What the Future Holds for the Issue of E-waste

The issue of planned obsolescence leading to toxic waste today seems to be in between the realizing the cost of progress and the gradual decline stage in regards to the attention issue cycle. However it is a unique environmental issue because the world is in a state where new technology is constantly coming out and people are becoming more and more dependent on technology. Because of this technological dependency and rapid advances in technology it difficult to predict where the issue of e-waste falls in the attention issue cycle because e-waste will be more prolific with new technology.

Keeping the stage e-waste is in mind, one must examine how the future of e-waste is reported. In order to eliminate the possibility of e-waste entering the post-problem stage soon, the media are reporting in a way that seems to recruit citizens and companies to take action and motivates this action through communicating the extreme risks if citizens don’t take action to fix it.

Although it is an older article, the Environmental Update report on Electronic Waste: A new Challenge For A New Millennium tells readers that even if they won’t directly see the effects of e-waste, the next generation will. Meaning that their children and grandchildren will be ”buried under mountains of discarded computers, computer monitors, and televisions.” This quote implies that if humans don’t want to put their loved ones at major risk in the future, then the e-waste issue needs to be addressed and fixed now, tapping into peoples emotions in hope of bringing about change.

The actual harmful effects in the future, however, seem to be a bit complex in the eyes of the media, because it is always hard to predict what will happen. If it’s too difficult to predict then perhaps it shouldn’t be predicted. As we have seen in other environmental issues, like global warming, conflicting information is likely to cause confusion among citizens and have an end result of the post-problem stage.

The Bizcovering article Electronic Waste and Its Effects ends saying, “If we don’t stop it, our world will be in danger and we will run out of mineral reserves.” This the only main harm of e-waste that this article mentions, perhaps because it is from a business journal and this is what readers of this website are interested in. However, it’s human nature to be concerned about self and one’s own health so by this article not reporting on the effects e-waste has on human’s health, a reader may be skewed to believe that e-waste will only affect the mineral reserves and therefore not care as much about the topic.

The Future Directions article on the website e-waste, however, covers multiple areas of concern if e-waste continues. It also explains in more detail how and what about e-waste causes environmental problems rather then just stating that it will. The article describes that the toxins in e-waste affect both humans and the environment, and explains what it is exactly that is in e-waste that is harmful.

The article further makes the profound statement that recycling may not be the answer. This statement arises many questions since in all of the previous articles examined, implementing a recycling program seemed to be the main answer to decreasing e-waste in the future. A message like this most likely leaves consumers, the government, and manufacturers in a state of confusion as to what the right approach is for overcoming e-waste.

It would be helpful for readers of this article if the author expanded on this idea rather than ending the article on this note. This shows either a lack of information on the topic, or perhaps that it was more of an opinion of the author due to their lack of support to back up the statement made.

Researching the future of e-waste has posed to be quite difficult, most likely because it is hard to predict the future of any environmental issue. However, the article from Pr-inside.com titled Global E-waste Crisis is Worsening, but the Tide Will Turn in 2015, Says Pike Research has seemed to be the most informative on clearly estimating what the future of e-waste will look like based on research.

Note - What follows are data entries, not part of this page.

lemma i_pow_times_minus_i_pow:
  assumes "u + 2 * c = v + w"
  shows "\<i> ^ v * (-\<i>) ^ u = (-\<i>) ^ w * (-1) ^ c"
proof -
  have "\<i> ^ v * (-\<i>) ^ u = \<i> ^ (v + 2 * c) * (-\<i>) ^ (u + 2 * c)"
    by (simp add: power_add power_mult)
  also have "\<dots> = (\<i> ^ v * (-\<i>) ^ v) * (-\<i>) ^ w * \<i> ^ (2 * c)"
    unfolding assms by (simp add: power_add mult_ac)
  also have "\<dots> = (-\<i>) ^ w * (-1) ^ c"
    by (simp add: power_mult flip: power_mult_distrib)
  finally show ?thesis .
qed

lemma cmod_eq_1_iff: "cmod z = 1 \<longleftrightarrow> z * cnj z = 1"
proof -
  have "z * cnj z = 1 \<longleftrightarrow> (cmod z)\<^sup>2 = 1"
    by (metis complex_norm_square of_real_1 of_real_eq_iff)
  also have "\<dots> \<longleftrightarrow> cmod z = 1"
    by (smt (verit) norm_ge_zero power2_eq_1_iff)
  finally show ?thesis ..
qed

lemma char_two_fraction_identity:
  fixes x0 x1 x2 x3 :: "'a::field"
  assumes two: "(2::'a) = 0"
    and "x0 \<noteq> 0" "x1 \<noteq> 0" "x2 \<noteq> 0" "x3 \<noteq> 0"
    and "x0 + x1 \<noteq> 0" "x1 + x2 \<noteq> 0" "x2 + x3 \<noteq> 0"
  shows "x0 * x2 / ((x0 + x1) * (x1 + x2)) * ((x0 + x1) / (x0 * x1))
       + x1 * x3 / ((x1 + x2) * (x2 + x3)) * ((x2 + x3) / (x2 * x3))
       + (x1 + x2) / (x1 * x2) = 0"
proof -
  have "x0 * x2 / ((x0 + x1) * (x1 + x2)) * ((x0 + x1) / (x0 * x1)) = x2 / (x1 * (x1 + x2))"
    "x1 * x3 / ((x1 + x2) * (x2 + x3)) * ((x2 + x3) / (x2 * x3)) = x1 / (x2 * (x1 + x2))"
    using assms by (simp_all add: divide_simps)
  moreover have "(x2 / (x1 * (x1 + x2)) + x1 / (x2 * (x1 + x2)) + (x1 + x2) / (x1 * x2))
      * (x1 * x2 * (x1 + x2)) = x2 * x2 + x1 * x1 + (x1 + x2) * (x1 + x2)"
    using assms(2-) by (simp add: divide_simps)
  moreover have "x2 * x2 + x1 * x1 + (x1 + x2) * (x1 + x2) = 2 * (x1 * x1 + x2 * x2 + x1 * x2)"
    by algebra
  ultimately show ?thesis
    using assms by (simp add: two ac_simps)
qed

definition gold_linearized :: "'a::field \<Rightarrow> nat \<Rightarrow> 'a \<Rightarrow> 'a" where
  "gold_linearized lam k a = lam * a + lam ^ 2 ^ k * (a ^ 2 ^ k) ^ 2 ^ k + a ^ 2 ^ k"

definition gold_param :: "nat \<Rightarrow> 'a::field \<Rightarrow> 'a" where
  "gold_param k v = v ^ (2 ^ (2 * k) + 1) / (v + v ^ 2 ^ k) ^ (2 ^ k + 1)"

locale binary_field =
  fixes n :: nat
  assumes card_UNIV_eq: "card (UNIV :: 'a::{field,finite} set) = 2 ^ n"
begin

lemma frobenius_fixes: "(x::'a) ^ 2 ^ n = x"
  using power_card_UNIV_eq_self[of x] card_UNIV_eq by simp

lemma n_gt_0: "0 < n"
proof -
  have "2 \<le> (2::nat) ^ n"
    using card_UNIV_field_ge_two[where 'a = 'a] card_UNIV_eq by simp
  then show ?thesis by (cases n) simp_all
qed

lemma char_two: "(2::'a) = 0"
proof -
  have "even ((2::nat) ^ n)" using n_gt_0 by simp
  then have "(1::'a) = -1"
    using frobenius_fixes[of "-1"] by simp
  then have "(1::'a) + 1 = 1 + -1" by simp
  then show ?thesis by simp
qed
(* Let $\Gamma$ be a finite undirected simple graph which is a disjoint union $\Gamma=\bigsqcup_{i=1}^k\Gamma^{(i)}$ of graphs, the vertices of $\Gamma^{(i)}$ being $x^{(i)}_1,\dots,x^{(i)}_{n^{(i)}}$, and let $y_1,\dots,y_N$ be the commutator generators of $G_\Gamma$. Let $z^{(i)}_j,t_l\in\mathbb{Z}$ be such that there exist $i_1\neq i_2$ and indices $j_1,j_2$ with $z^{(i_1)}_{j_1}\neq0$ and $z^{(i_2)}_{j_2}\neq0$. Then \[Z_{G_\Gamma}\Big(\prod_i\prod_j (x^{(i)}_j)^{z^{(i)}_j}\prod_{l=1}^N y_l^{t_l}\Big)=\Big\langle\prod_i\prod_j (x^{(i)}_j)^{z^{(i)}_j/d}\Big\rangle\times\gamma_2(G_\Gamma)\cong\mathbb{Z}^{N+1},\] where $d=\gcd_{i,j}z^{(i)}_j$ and $Z_{G_\Gamma}$ denotes the centralizer.
   Context: For a finite undirected simple graph $\Gamma$ with vertex set $\{x_1,\dots,x_n\}$ and edge set $E$, the group $G_\Gamma$ is defined by the presentation with generators $x_1,\dots,x_n$ and $y_{i,j}$ for each pair $i<j$ with $x_ix_j\notin E$, and relations $[x_j,x_i]=1$ if $x_ix_j\in E$; $[x_j,x_i]=y_{i,j}$ if $x_ix_j\notin E$ and $i<j$; and $[x_l,y_{i,j}]=1$ for all $l$ and all such $y_{i,j}$. $N$ is the number of non-adjacent pairs and the $y_{i,j}$ are enumerated $y_1,\dots,y_N$; they generate $\gamma_2(G_\Gamma)=[G_\Gamma,G_\Gamma]\cong\mathbb{Z}^N$. The disjoint union of graphs has as vertex and edge sets the disjoint unions of those of the pieces. The products $\prod_i\prod_j$ are taken in a fixed order of the vertices. *)

theory Defs
  imports "HOL-Algebra.Algebra"
begin
lemma gdist_root_star_emb:
  assumes "i < N"
  shows "gdist star_V star_E star_root (star_emb e i v) = gdist UNIV E e v"
proof (rule antisym)
  obtain xs where xs: "is_walk UNIV E xs" "hd xs = e" "last xs = v"
    "length xs = Suc (gdist UNIV E e v)"
    using shortest_walk[OF reachable_base] .
  moreover have "xs \<noteq> []"
    using xs(1) by auto
  ultimately show "gdist star_V star_E star_root (star_emb e i v) \<le> gdist UNIV E e v"
    using gdist_le_walk[OF is_walk_star_emb[OF xs(1) assms]]
    by (simp add: hd_map last_map star_emb_def)
next
  obtain xs where xs: "is_walk star_V star_E xs" "hd xs = star_root" "last xs = star_emb e i v"
    "length xs = Suc (gdist star_V star_E star_root (star_emb e i v))"
    using shortest_walk[OF reachable_root_star_emb[OF assms]] .
  moreover have "xs \<noteq> []"
    using xs(1) by auto
  ultimately show "gdist UNIV E e v \<le> gdist star_V star_E star_root (star_emb e i v)"
    using gdist_le_walk[OF is_walk_snd[OF xs(1)]]
    by (simp add: hd_map last_map star_emb_def)
qed

lemma walk_avoiding_root_stays_in_copy:
  "is_walk star_V star_E xs \<Longrightarrow> star_root \<notin> set xs \<Longrightarrow> fst (last xs) = fst (hd xs)"
proof (induction xs rule: induct_list012)
  case (3 x y zs)
  then have "fst x = fst y"
    by (intro star_adj_same_copy) auto
  with 3 show ?case
    by simp
qed auto

lemma gdist_through_root:
  assumes "x \<in> star_V" "y \<in> star_V" "x \<noteq> star_root" "y \<noteq> star_root" "fst x \<noteq> fst y"
  shows "gdist star_V star_E x star_root + gdist star_V star_E star_root y \<le> gdist star_V star_E x y"
proof -
  obtain p where p: "is_walk star_V star_E p" "hd p = x" "last p = y" "length p = Suc (gdist star_V star_E x y)"
    using shortest_walk[OF star_reachable[OF assms(1,2)]] .
  then have "star_root \<in> set p"
    using walk_avoiding_root_stays_in_copy[OF p(1)] p(2,3) assms(5) by auto
  then obtain t where t: "t < length p" "p ! t = star_root"
    by (auto simp: in_set_conv_nth)
  have "gdist star_V star_E x star_root \<le> length (take (Suc t) p) - 1"
  proof (rule gdist_le_walk)
    show "is_walk star_V star_E (take (Suc t) p)"
      using p(1) by (rule is_walk_take) simp
    show "hd (take (Suc t) p) = x"
      using p(2) by simp
    show "last (take (Suc t) p) = star_root"
      using t by (simp add: take_Suc_conv_app_nth)
  qed
  moreover have "gdist star_V star_E star_root y \<le> length (drop t p) - 1"
    using p t by (intro gdist_le_walk is_walk_drop) (auto simp: hd_drop_conv_nth)
  ultimately show ?thesis
    using p t by simp
qed

lemma gdist_star_sym: "gdist star_V star_E x y = gdist star_V star_E y x"
  using star_adj_sym by (rule gdist_sym)

lemma gdist_star_root_pos:
  assumes "x \<in> star_V" "x \<noteq> star_root"
  shows "0 < gdist star_V star_E star_root x"
  using gdist_eq_0_iff[OF star_reachable[OF root_in assms(1)]] assms(2) by simp

lemma gdist_base_sym: "gdist UNIV E x y = gdist UNIV E y x"
  using sym by (rule gdist_sym)

context
  fixes k :: nat
  assumes k: "1 \<le> k"
begin

abbreviation "star_dist \<equiv> dist_kgraph star_V star_E k"

lemma dist_kgraph_sym: "star_dist x y \<longleftrightarrow> star_dist y x"
  unfolding dist_kgraph_def using gdist_star_sym[of x y] by auto

lemma dist_kgraph_root_iff: "star_dist star_root a \<longleftrightarrow> a \<in> {..<N} \<times> {v. gdist UNIV E v e = k}"
proof
  assume a: "star_dist star_root a"
  then have "a \<in> star_V" "a \<noteq> star_root"
    using k root_in by (auto simp: dist_kgraph_def)
  then obtain i v where iv: "a = (i, v)" "i < N" "v \<noteq> e"
    by (cases a) (auto simp: star_vertices_iff)
  then have "gdist UNIV E e v = k"
    using a gdist_root_star_emb[of i v] by (simp add: dist_kgraph_def star_emb_def)
  then show "a \<in> {..<N} \<times> {v. gdist UNIV E v e = k}"
    using iv gdist_base_sym[of e v] by simp
next
  assume "a \<in> {..<N} \<times> {v. gdist UNIV E v e = k}"
  then obtain i v where a: "a = (i, v)" "i < N" "gdist UNIV E e v = k"
    using gdist_base_sym[of e] by auto
  then have "v \<noteq> e"
    using k by auto
  then have "a = star_emb e i v"
    using a by (simp add: star_emb_def)
  then show "star_dist star_root a"
    unfolding dist_kgraph_def using a root_in star_emb_in gdist_root_star_emb by simp
qed
lemma aff_indep_imp_lin_indep_on_hyperplane:
  assumes "aff_indep T" "\<And>t. t \<in> T \<Longrightarrow> (\<Sum>p\<in>D. w p * t p) = u" "u \<noteq> 0"
  shows "lin_indep T"
  unfolding lin_indep_def
proof (intro conjI allI impI)
  show "finite T" using assms(1) unfolding aff_indep_def by simp
  fix c assume c: "\<forall>p. (\<Sum>t\<in>T. c t * t p) = 0"
  then have "(\<Sum>t\<in>T. c t * t p) = 0" for p by blast
  then have "0 = (\<Sum>p\<in>D. w p * (\<Sum>t\<in>T. c t * t p))" by simp
  also have "\<dots> = (\<Sum>t\<in>T. c t * (\<Sum>p\<in>D. w p * t p))"
    by (simp add: sum_distrib_left sum.swap[of _ D] mult.left_commute)
  also have "\<dots> = u * sum c T" using assms(2) by (simp add: sum_distrib_left mult.commute)
  finally have "sum c T = 0" using assms(3) by simp
  with c assms(1) show "\<forall>t\<in>T. c t = 0" unfolding aff_indep_def by blast
qed

lemma zero_notin_lin_indep:
  fixes T :: "('i \<Rightarrow> real) set"
  assumes "lin_indep T"
  shows "(\<lambda>_. 0) \<notin> T"
proof
  define c :: "('i \<Rightarrow> real) \<Rightarrow> real" where "c t = (if t = (\<lambda>_. 0) then 1 else 0)" for t
  have "(\<Sum>t\<in>T. c t * t p) = 0" for p by (intro sum.neutral) (simp add: c_def)
  moreover assume "(\<lambda>_. 0) \<in> T"
  ultimately show False using assms unfolding lin_indep_def c_def by fastforce
qed

lemma aff_indep_insert_zero:
  assumes "lin_indep T"
  shows "aff_indep (insert (\<lambda>_. 0) T)"
  unfolding aff_indep_def
proof (intro conjI allI impI)
  have "finite T" using lin_indep_finite[OF assms] .
  then show "finite (insert (\<lambda>_. 0) T)" by simp
  have "(\<lambda>_. 0) \<notin> T" using zero_notin_lin_indep[OF assms] .
  fix c :: "'a vecU \<Rightarrow> real"
  assume c: "sum c (insert (\<lambda>_. 0) T) = 0 \<and> (\<forall>p. (\<Sum>t\<in>insert (\<lambda>_. 0) T. c t * t p) = 0)"
  have "(\<Sum>t\<in>T. c t * t p) = 0" for p
    using c[THEN conjunct2, rule_format, of p] \<open>finite T\<close> \<open>(\<lambda>_. 0) \<notin> T\<close> by simp
  then have "\<forall>t\<in>T. c t = 0" using assms unfolding lin_indep_def by blast
  with c \<open>finite T\<close> \<open>(\<lambda>_. 0) \<notin> T\<close> show "\<forall>t\<in>insert (\<lambda>_. 0) T. c t = 0" by simp
qed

Although a reader should be aware that any type of research with a prediction as its conclusion will most likely not be 100% accurate, it is a start to tackling e-waste’s future issues. The research conducted showed that “…the e-waste crisis will worsen over the next several years until 2015, when volume will peak at 73 million metric tons.  However, the firm forecasts that global volumes will decline in 2016 and beyond, as a number of key e-waste initiatives begin to turn the tide.”

That statement gives people a sense of hope even though things will have to get worse until they get better. Such a bold prediction also poses as a problem however.   This optimism that global volumes will decline in 2016 may lead readers to think that they do not need to change their ways if it will just get better seemingly on its own.

The article addresses this potential issue of people not needing to change by saying that the, “Key weapons in the war against e-waste include government regulation, electronics industry initiatives, and consumer awareness.” Making readers realize that actual action needs to take place if we want the prediction of a decline in 2016 to actually become a reality. It later discusses that that it is easy for consumers to neglect the issue due to holes in the electronic recycling supply chain, and by making consumers realize this the idea of a necessity for action and awareness becomes much clearer to readers who may believe it is not their responsibility to fix the issue.

Addressing a prediction of the future and how to achieve it makes it easier for people to take action better than an article that makes simple statements about how e-waste will harm the world and fails to give a timeline of what the future holds.

The future of e-waste is up for debate. However, when the media creates a visual timeline, presents actions that need to occur, and reveals what e-waste actually harms, readers are able to understand the issue more deeply and think about starting to make changes now so that the future can look brighter then predicted. The end result of doing this will hopefully keep the issue of e-waste in the current attention issue stage rather than allowing it to fall in to the post-problem stage.